Mechanical testing was done at an engineering strain rate of ≈ 10−3/s using a Sintech 20G load frame. The sample was loaded in uniaxial tension for 100 load cycles to a nominal axial strain of 1%, as measured by a 10 mm extensometer with knife around the center of the sample gage section. The sample was removed from the load frame after 10, 20, 50, and 100 cycles for imaging of any cracks. The imaging was performed using an FEI Quanta 600F scanning electron microscope (SEM).

Simulations Using a Micromechanics-Based Model

A microstructural finite element (FE) model for phase transformation by Manchiraju and Anderson was used to perform the simulations [22]. Key features of the model are summarized below.

  1. 1.

    Each element was modeled as an austenite single crystal with three deformation mechanisms:

    1. a.

      Anisotropic linear elasticity in the austenite and martensite phases.

    2. b.

      Martensitic phase transformation between austenite (cubic, B2) and martensite (monoclinic, B19′) phases at the habit plane variant (plate) scale.

    3. c.

      Plasticity in austenite in the framework of crystal plasticity. Six 〈1 0 0〉/{1 1 0} and six 〈1 0 0〉/{0 1 0} B2 slip systems were considered.

  2. 2.

    The inputs to the model, reflecting the deformation mechanisms described above, were

    1. a.

      Elasticity: elastic constants and thermal expansion coefficients for the martensite and austenite phases.

    2. b.

      Phase transformation: equilibrium transformation temperature, latent heat of transformation per unit volume, coefficients of a phenomenological hardening matrix accounting for plate–plate interaction, and the critical energy barrier for austenite to martensite phase transformation (which is assumed to be equal in magnitude but of opposite sign for martensite to austenite reverse transformation).

    3. c.

      The input also includes the crystallographic orientation at every material point.

  3. 3.

    Based on a prescribed deformation, final outputs of the model are the stress tensor and the martensite plate volume fractions at each integration point in the FE model.

The goal of this work is to model the transformation characteristics around structural features at relatively low loads. Therefore, we suppressed plasticity by setting the critical resolved shear stress to a very high value (1000 MPa). The equilibrium transformation temperature was set from differential scanning calorimetry (DSC) testing done on the experimental sample, as described in [6]. Representative values for other material parameters in the simulations are listed in Table 1 in [22].

Since a majority of deformation of similar samples in [6] are observed to be concentrated around the holes, a rectangular region localized around holes was modeled using Abaqus FE software.
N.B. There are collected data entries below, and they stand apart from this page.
text \<open>If two entries of a column of \<open>t\<close> lie in the same row of \<open>T\<close>, their transposition \<open>\<tau>\<close>
  fixes \<open>T\<close>, and \<open>c \<mapsto> \<tau> \<circ> c\<close> pairs off the terms of \<open>col_antisym nu t w T\<close> with opposite
  signs.\<close>

lemma col_antisym_eq_0:
  assumes t: "t \<in> tableaux nu" and w: "\<And>T. w T \<noteq> 0 \<Longrightarrow> is_tabloid nu T"
    and T: "\<not> (\<exists>p\<in>column_group nu t. T = tabloid_of nu t p)"
  shows "col_antisym nu t w T = 0"
proof (cases "is_tabloid nu T")
  case False
  have "w (T \<circ> c) = 0" if c: "c \<in> column_group nu t" for c
  proof (rule ccontr)
    assume "w (T \<circ> c) \<noteq> 0"
    then have "is_tabloid nu (T \<circ> c \<circ> inv c)"
      using w is_tabloid_comp[OF _ permutes_inv[OF column_group_permutes[OF c]]] by blast
    then show False using False permutes_inv_o(1)[OF column_group_permutes[OF c]] by (simp add: comp_assoc)
  qed
  then show ?thesis unfolding col_antisym_def act_tab_def by simp
next
  case True
  let ?G = "column_group nu t"
  obtain x y where xy: "x < sum_mset nu" "y < sum_mset nu" "snd (t x) = snd (t y)" "T x = T y" "x \<noteq> y"
    using tabloid_eq_tabloid_of_column_perm[OF t True] T by blast
  let ?tau = "transpose x y"
  have tau: "?tau \<in> ?G" by (rule transpose_in_column_group[OF xy(1-3)])
  have Ttau: "T \<circ> ?tau = T" using xy(4) by (auto simp: fun_eq_iff transpose_def)
  define S where "S = (\<Sum>c\<in>?G. of_int (sign c) * w (T \<circ> c))"
  have "S = (\<Sum>c\<in>?G. of_int (sign (?tau \<circ> c)) * w (T \<circ> (?tau \<circ> c)))"
    unfolding S_def by (rule sum_column_group_reindex[OF tau])
  also have "\<dots> = (\<Sum>c\<in>?G. - (of_int (sign c) * w (T \<circ> c)))"
  proof (rule sum.cong[OF refl])
    fix c assume c: "c \<in> ?G"
    have "sign (?tau \<circ> c) = - sign c"
      using sign_compose[OF permutes_less_permutation[OF column_group_permutes[OF tau]]
          permutes_less_permutation[OF column_group_permutes[OF c]]] sign_swap_id[of x y] xy(5) by simp
    moreover have "T \<circ> (?tau \<circ> c) = T \<circ> c" using Ttau by (simp add: comp_assoc[symmetric])
    ultimately show "of_int (sign (?tau \<circ> c)) * w (T \<circ> (?tau \<circ> c)) = - (of_int (sign c) * w (T \<circ> c))"
      by simp
  qed
  also have "\<dots> = - S" unfolding S_def by (simp add: sum_negf)
  finally show ?thesis unfolding col_antisym_def act_tab_def S_def by simp
qed

lemma col_antisym_eq_scale_polytabloid:
  assumes t: "t \<in> tableaux nu" and w: "\<And>T. w T \<noteq> 0 \<Longrightarrow> is_tabloid nu T"
  shows "col_antisym nu t w = (\<lambda>T. col_antisym nu t w (tabloid_of nu t id) * polytabloid nu t T)"
proof
  fix T
  show "col_antisym nu t w T = col_antisym nu t w (tabloid_of nu t id) * polytabloid nu t T"
  proof (cases "\<exists>p\<in>column_group nu t. T = tabloid_of nu t p")
    case True
    then show ?thesis using col_antisym_tabloid_of[OF t] polytabloid_tabloid_of[OF t] by (auto simp: mult.commute)
  next
    case False
    then show ?thesis using col_antisym_eq_0[OF t w] polytabloid_eq_0 by simp
  qed
qed

lemma act_tab_specht:
  assumes s: "s permutes {0..<sum_mset nu}" and v: "v \<in> specht nu"
  shows "act_tab s v \<in> specht nu"
proof -
  obtain F c where F: "finite F" "F \<subseteq> tableaux nu" and v': "v = (\<lambda>T. \<Sum>t\<in>F. c t * polytabloid nu t T)"
    using v unfolding specht_def by blast
  have "act_tab s v = (\<lambda>T. \<Sum>t\<in>F. c t * act_tab s (polytabloid nu t) T)"
    unfolding v' act_tab_def by simp
  also have "\<dots> = (\<lambda>T. \<Sum>t\<in>F. c t * polytabloid nu (t \<circ> inv s) T)"
  proof (rule ext, rule sum.cong[OF refl])
    fix T t assume "t \<in> F"
    then have "t \<in> tableaux nu" using F by blast
    then show "c t * act_tab s (polytabloid nu t) T = c t * polytabloid nu (t \<circ> inv s) T"
      using act_tab_polytabloid[OF _ s] by simp
  qed
  finally have eq: "act_tab s v = (\<lambda>T. \<Sum>t\<in>F. c t * polytabloid nu (t \<circ> inv s) T)" .
  have "\<forall>t\<in>F. polytabloid nu (t \<circ> inv s) \<in> specht nu"
    using F tableau_comp_inv[OF _ s] polytabloid_in_specht by blast
  then show ?thesis unfolding eq by (rule lincomb_closed_sum[OF lincomb_closed_specht F(1)])
qed
(* In the FAVANO process (with either choice of weights $\alpha^i_{t+1}$), assume each $\nabla f_i$ is $L$-Lipschitz, the stochastic gradients have bounded variance $\sigma^2$, the bounded gradient dissimilarity condition holds with constants $G^2\ge0$, $B^2\ge1$, and $\eta<\frac{1}{4LK^2}$ and $\eta<\frac{1}{2LK}$. Then for every time step $t\ge0$, $$\sum_{i=1}^n\mathbb{E}\big\langle\nabla f(\mu_t),-\check h^i_{t+1}\big\rangle\le 20L^2\,\mathbb{E}[\Phi_t]+4nL^2\eta^2K^2(\sigma^2+4G^2)+n\Big(16L^2\eta^2K^2B^2-\frac34\Big)\mathbb{E}\|\nabla f(\mu_t)\|^2 .$$
   Context: FAVANO process. Fix integers $n\ge1$, $1\le s\le n$, $K\ge1$, $d\ge1$, a step size $\eta>0$ and differentiable $f_1,\dots,f_n:\mathbb{R}^d\to\mathbb{R}$, $f=\frac1n\sum_i f_i$. All random variables live on one probability space. For each client $i$ a stochastic gradient oracle returns, at a query point $x$, $\widetilde g^i(x)=\nabla f_i(x)+\xi$ where, conditionally on everything generated before the query (including $x$), $\xi$ has mean zero (each query uses fresh noise). Initialize $w_0\in\mathbb{R}^d$ deterministic and $w_0^i=w_0$ for all $i$. For each $t\ge1$, each client $i$ and each $q\ge1$ define recursively $\widetilde h^i_{t,q}=\widetilde g^i\big(w^i_{t-1}-\eta\sum_{r=1}^{q-1}\widetilde h^i_{t,r}\big)$ and $h^i_{t,q}=\nabla f_i\big(w^i_{t-1}-\eta\sum_{r=1}^{q-1}\widetilde h^i_{t,r}\big)$. At each $t\ge1$ there are random integers $E^1_t,\dots,E^n_t\ge0$ with $\mathbf{P}(E^i_t>0)>0$, and a random subset $\mathcal{S}_t\subseteq\{1,\dots,n\}$ uniformly distributed among subsets of size $s$; the family $(\mathcal S_t,E^1_t,\dots,E^n_t)$ is independent of all the other randomness (the past up to time $t-1$ and all $\widetilde h^i_{t,q}$), and $\mathcal S_t$ is independent of $(E^i_t)_i$. The weight $\alpha^i_t$ is either $\mathbf{P}(E^i_t>0)\,(E^i_t\wedge K)$ (stochastic version) or $\mathbb{E}[E^i_t\wedge K]$ (deterministic version), where $a\wedge b=\min(a,b)$. Set $\check h^i_t=\frac{1}{\alpha^i_t}\sum_{q=1}^{E^i_t\wedge K}\widetilde h^i_{t,q}$ if $E^i_t>0$ and $\check h^i_t=0$ otherwise. Updates: $w_t=\frac{1}{s+1}\big(w_{t-1}+\sum_{i\in\mathcal S_t}(w^i_{t-1}-\eta\check h^i_t)\big)$; $w^i_t=w_t$ for $i\in\mathcal S_t$ and $w^i_t=w^i_{t-1}$ for $i\notin\mathcal S_t$. Define $\mu_t=\frac{1}{n+1}\big(w_t+\sum_{i=1}^n w^i_t\big)$ and $\Phi_t=\|w_t-\mu_t\|^2+\sum_{i=1}^n\|w^i_t-\mu_t\|^2$. All expectations appearing are assumed finite. Smoothness: $\|\nabla f_i(x)-\nabla f_i(y)\|\le L\|x-y\|$ for all $i,x,y$, with $L>0$. Bounded variance: conditionally on everything generated before a query at $x$, $\mathbb{E}\|\widetilde g^i(x)-\nabla f_i(x)\|^2\le\sigma^2$. Bounded gradient dissimilarity: for all $x\in\mathbb{R}^d$, $\frac1n\sum_{i=1}^n\|\nabla f_i(x)\|^2\le G^2+B^2\|\nabla f(x)\|^2$. *)

theory Defs
  imports "HOL-Probability.Probability"
begin

text \<open>Clients are indexed by i in {1..n}, rounds by t, local steps by q >= 1.
  Random objects are functions of the sample point w in the space of a probability measure M.
  htil t i q is the stochastic gradient returned at the q-th local query of client i in round t,
  E t i the number of local steps, S t the sampled subset.\<close>

definition hcheck :: "real \<Rightarrow> nat \<Rightarrow> nat \<Rightarrow> (nat \<Rightarrow> 'v::real_vector) \<Rightarrow> 'v" where
  "hcheck alpha K e ht = (if e > 0 then (1 / alpha) *\<^sub>R (\<Sum>q = 1..min e K. ht q) else 0)"
(* Let $\alpha\in(0,1)$ and $\nu\in\mathbb{N}$, and let $K_{\alpha,\nu}:\mathbb{R}\to\mathbb{R}$ be defined by \[ K_{\alpha,\nu}(x)=\sum_{k=0}^{\infty}2^{-2\alpha\nu k}\,\phi(2^{2\nu k}x), \] where $\phi:\mathbb{R}\to[0,1]$ is the $2$-periodic sawtooth function with $\phi(x)=|x|$ for $x\in[-1,1]$ and $\phi(x+2)=\phi(x)$ for all $x$. (i) $K_{\alpha,\nu}\in C^{0,\alpha}(\mathbb{R})$ for every $\nu\in\mathbb{N}$. Moreover $0\le K_{\alpha,\nu}\le 1/(1-2^{-2\nu\alpha})$, and for all $x,y\in\mathbb{R}$ with $|x-y|\le 2$, \[ |K_{\alpha,\nu}(x)-K_{\alpha,\nu}(y)|\le C(\alpha,\nu)\,|x-y|^{\alpha},\qquad C(\alpha,\nu):=\frac{1}{1-2^{-2\nu(1-\alpha)}}+\frac{2}{2^{2\nu(\alpha-1)}-2^{-2\nu}}. \] (ii) If $2\nu>1/(1-\alpha)$, then $K_{\alpha,\nu}$ is at no point of $\mathbb{R}$ pointwise H\"older continuous of order $\beta$, for any $\beta\in(\alpha,1]$. Moreover, for every $x\in\mathbb{R}$, every $m\in\mathbb{N}$ and every $\beta\in(\alpha,1]$, \[ \frac{|K_{\alpha,\nu}(x+t_m(x))-K_{\alpha,\nu}(x)|}{|t_m(x)|^{\beta}}\ \ge\ K(m,\nu,\alpha,\beta):=\frac{2^{\beta-1}\big(2^{2\nu(1-\alpha)}-2\big)}{2^{2\nu(1-\alpha)}-1}\big(2^{2\nu(\beta-\alpha)}\big)^{m}, \] where $t_m:\mathbb{R}\to\{\pm 2^{-2\nu m-1}\}$ is the step function \[ t_m(x)=2^{-2\nu m-1}\sum_{i=-\infty}^{+\infty}\Big[\chi_{(i,i+\frac12]}(2^{2\nu m}x)-\chi_{(i+\frac12,i+1]}(2^{2\nu m}x)\Big], \] i.e. $t_m(x)=+2^{-2\nu m-1}$ if $i2^{-2\nu m}<x\le i2^{-2\nu m}+2^{-2\nu m-1}$ for some $i\in\mathbb{Z}$, and $t_m(x)=-2^{-2\nu m-1}$ if $i2^{-2\nu m}+2^{-2\nu m-1}<x\le (i+1)2^{-2\nu m}$ for some $i\in\mathbb{Z}$.
   Context: A function $f\in C^0(\mathbb{R})$ is called (pointwise) H\"older continuous of order $\beta$ ($C^{0,\beta}$) at $x\in\mathbb{R}$ if there exist $r,C>0$ such that $|f(y)-f(x)|\le C|y-x|^{\beta}$ for all $y\in[x-r,x+r]$. $\chi_A$ denotes the indicator function of a set $A$. *)

theory Defs
  imports "HOL-Analysis.Analysis"
begin
(* Let $L$ be an infinite set and let $Q$ be either the edgeless cube $Q_L$ or the edged cube $\bar Q_L$. Every well-ordering $\preceq$ of $L$ can be coded into a configuration accessible from $f_{\mathrm{solved}}$; in particular, there is an injective map from the set of ordinals $\theta$ with $|L|\le\theta<|L|^+$ into the set of configurations of $Q$ accessible from $f_{\mathrm{solved}}$.
   Context: Let $L$ be an infinite set, $-L=\{-r:r\in L\}$ a disjoint copy of $L$, and $0$ a new element; $L^\dagger=-L\cup\{0\}\cup L$ with $-(-r)=r$, $-0=0$. Adjoin $\pm\infty$ with $-(+\infty)=-\infty$ and set $\bar L^\dagger=L^\dagger\cup\{\pm\infty\}$. Points of $U=(\bar L^\dagger)^3$ have coordinates $x,y,z$. The edgeless cube $Q_L$ is the set of points of $U$ with exactly one coordinate in $\{\pm\infty\}$ (cells). The edged cube $\bar Q_L$ is the set of cells $(p,i)$ with $p\in U$, $i\in\{x,y,z\}$, $p_i\in\{\pm\infty\}$ ($i$ marks the face). For $i\in\{x,y,z\}$, $\alpha\in\bar L^\dagger$, the quarter-turn twist $T_{i,\alpha}$ is the permutation of cells fixing every cell whose point $p$ has $p_i\ne\alpha$ and acting on the others by $T_{x,\alpha}(\alpha,y,z)=(\alpha,-z,y)$, $T_{y,\alpha}(x,\alpha,z)=(z,\alpha,-x)$, $T_{z,\alpha}(x,y,\alpha)=(-y,x,\alpha)$ (in $\bar Q_L$ the marked coordinate is carried along by the rotation). Basic twists are $T,T^2,T^3$ for quarter-turn twists $T$. A basic sequence is a sequence $\langle\sigma_\eta:\eta<\theta\rangle$ of basic twists of ordinal length $\theta$. A configuration is a map $f$ from cells to the six colors red, white, green, orange, yellow, blue together with a special value NaC. The solved configuration $f_{\mathrm{solved}}$ colors a cell red, blue, white, orange, green, yellow according as its face is $x=+\infty$, $y=+\infty$, $z=+\infty$, $x=-\infty$, $y=-\infty$, $z=-\infty$ (in $\bar Q_L$, the face is the marked coordinate with its sign). A twist $\sigma$ acts by $(\sigma f)(c)=f(\sigma^{-1}c)$. Applying $\langle\sigma_\eta:\eta<\theta\rangle$ to $f_0$ produces $f_{\eta+1}=\sigma_\eta f_\eta$, and for limit $\lambda\le\theta$, $f_\lambda(c)$ is the eventually constant value of $f_\eta(c)$ ($\eta<\lambda$) if it exists and NaC otherwise; $f_\theta$ is the terminal configuration. $f$ is accessible from $f_0$ if it is the terminal configuration of some basic sequence applied to $f_0$. *)

theory Defs
  imports Main
begin
lemma radially_constant:
  fixes \<phi> :: "real \<times> real \<times> real \<Rightarrow> real"
  assumes deriv: "\<And>q. q \<in> config_space \<Longrightarrow> (\<phi> has_derivative D q) (at q)"
    and radial: "\<And>r \<theta> z. 0 < r \<Longrightarrow> D (r, \<theta>, z) (1, 0, 0) = 0"
    and "0 < r"
  shows "\<phi> (r, \<theta>, z) = \<phi> (1, \<theta>, z)"
proof -
  have "((\<lambda>s. \<phi> (s, \<theta>, z)) has_real_derivative 0) (at s within {0<..})" if "s \<in> {0<..}" for s
  proof -
    have "((\<lambda>s. \<phi> ((0, \<theta>, z) + s *\<^sub>R (1, 0, 0))) has_real_derivative D ((0, \<theta>, z) + s *\<^sub>R (1, 0, 0)) (1, 0, 0)) (at s)"
      using that by (intro has_real_derivative_along_line deriv) (simp add: config_space_def)
    then show ?thesis
      using radial that by (simp add: has_field_derivative_at_within)
  qed
  then obtain c where "\<And>s. s \<in> {0<..} \<Longrightarrow> \<phi> (s, \<theta>, z) = c"
    using has_field_derivative_zero_constant[OF convex_real_interval(3)] by blast
  then show ?thesis
    using \<open>0 < r\<close> by force
qed
text \<open>An update (Upd i a) writes i to cell 1 and a to cell 2 and runs Pu;
  a query runs Pq and the answer is read off cell 0 (nonzero = yes), which must equal DF2 u.\<close>
inductive serve :: "instr list \<Rightarrow> instr list \<Rightarrow> nat \<Rightarrow> mem \<Rightarrow> nat list \<Rightarrow> op list \<Rightarrow> nat \<Rightarrow> bool"
  for Pu Pq w where
  serve_nil: "serve Pu Pq w M u [] 0"
| serve_upd: "runs_in Pu w (M(1 := i, 2 := a)) t M' \<Longrightarrow> serve Pu Pq w M' (u[i := a]) ops T
     \<Longrightarrow> serve Pu Pq w M u (Upd i a # ops) (t + T)"
| serve_qry: "runs_in Pq w M t M' \<Longrightarrow> (M' 0 \<noteq> 0) = DF2 u \<Longrightarrow> serve Pu Pq w M' u ops T
     \<Longrightarrow> serve Pu Pq w M u (Qry # ops) (t + T)"

end

theory Submission
  imports Defs
begin

text \<open>A word over \<open>{1, 2}\<close> has the two disjoint factors iff some cut leaves two equal letters
  on one side and two copies of the other letter on the other side. In terms of the letter counts
  \<open>c\<^sub>1, c\<^sub>2\<close> this happens iff both are at least 2 and either both are at least 3 (cut after the
  first three letters: one letter occurs there twice, the other at most once) or the word begins
  or ends with two equal letters (if, say, \<open>c\<^sub>1 = 2\<close>, both 1s lie on one side of the cut and the
  other side consists of 2s only). So it suffices to store the length and the number of 1s next
  to the word: an update changes the count by at most one, and a query inspects the two counts
  and the four letters at the ends, each in a constant number of RAM steps, after a linear-time
  initialisation that counts the 1s.\<close>

section \<open>Disjoint factors via letter counts\<close>

lemma two_le_count_list_iff:
  "2 \<le> count_list xs a \<longleftrightarrow> (\<exists>i j. i < j \<and> j < length xs \<and> xs ! i = a \<and> xs ! j = a)"
proof -
  let ?I = "{i. i < length xs \<and> xs ! i = a}"
  have "count_list xs a = card ?I"
    by (simp add: count_list_eq_length_filter length_filter_conv_card eq_commute)
  moreover have "2 \<le> card ?I \<longleftrightarrow> (\<exists>i\<in>?I. \<exists>j\<in>?I. i < j)"
    using card_le_Suc0_iff_eq[of ?I] by (auto, metis linorder_neqE_nat)
  ultimately show ?thesis by (auto dest: order.strict_trans)
qed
First, the average grain size from Fig. 1a was used to tessellate the model with grains. The grains in the model were assumed to be columnar through the thickness. Second, a mesh comprising tetrahedral elements (C3D10 M in Abaqus notation, ten integration points, bilinear interpolation) was created. Finally, every grain was assigned a particular orientation, and all elements located within a tessellated grain were identified and assigned that same crystallographic orientation to simulate a polycrystal specimen. The mesh was created such that it was fine (≈ 225 elements per grain) near the holes where most of the deformation was concentrated and coarser (up to 5 elements per grain) away from the holes, as shown in Fig. 1e (center schematic). One end of the rectangular model was held stationary, while a constant displacement (at a similar rate to the experimental loading) was applied on the other edge to simulate uniaxial tensile loading.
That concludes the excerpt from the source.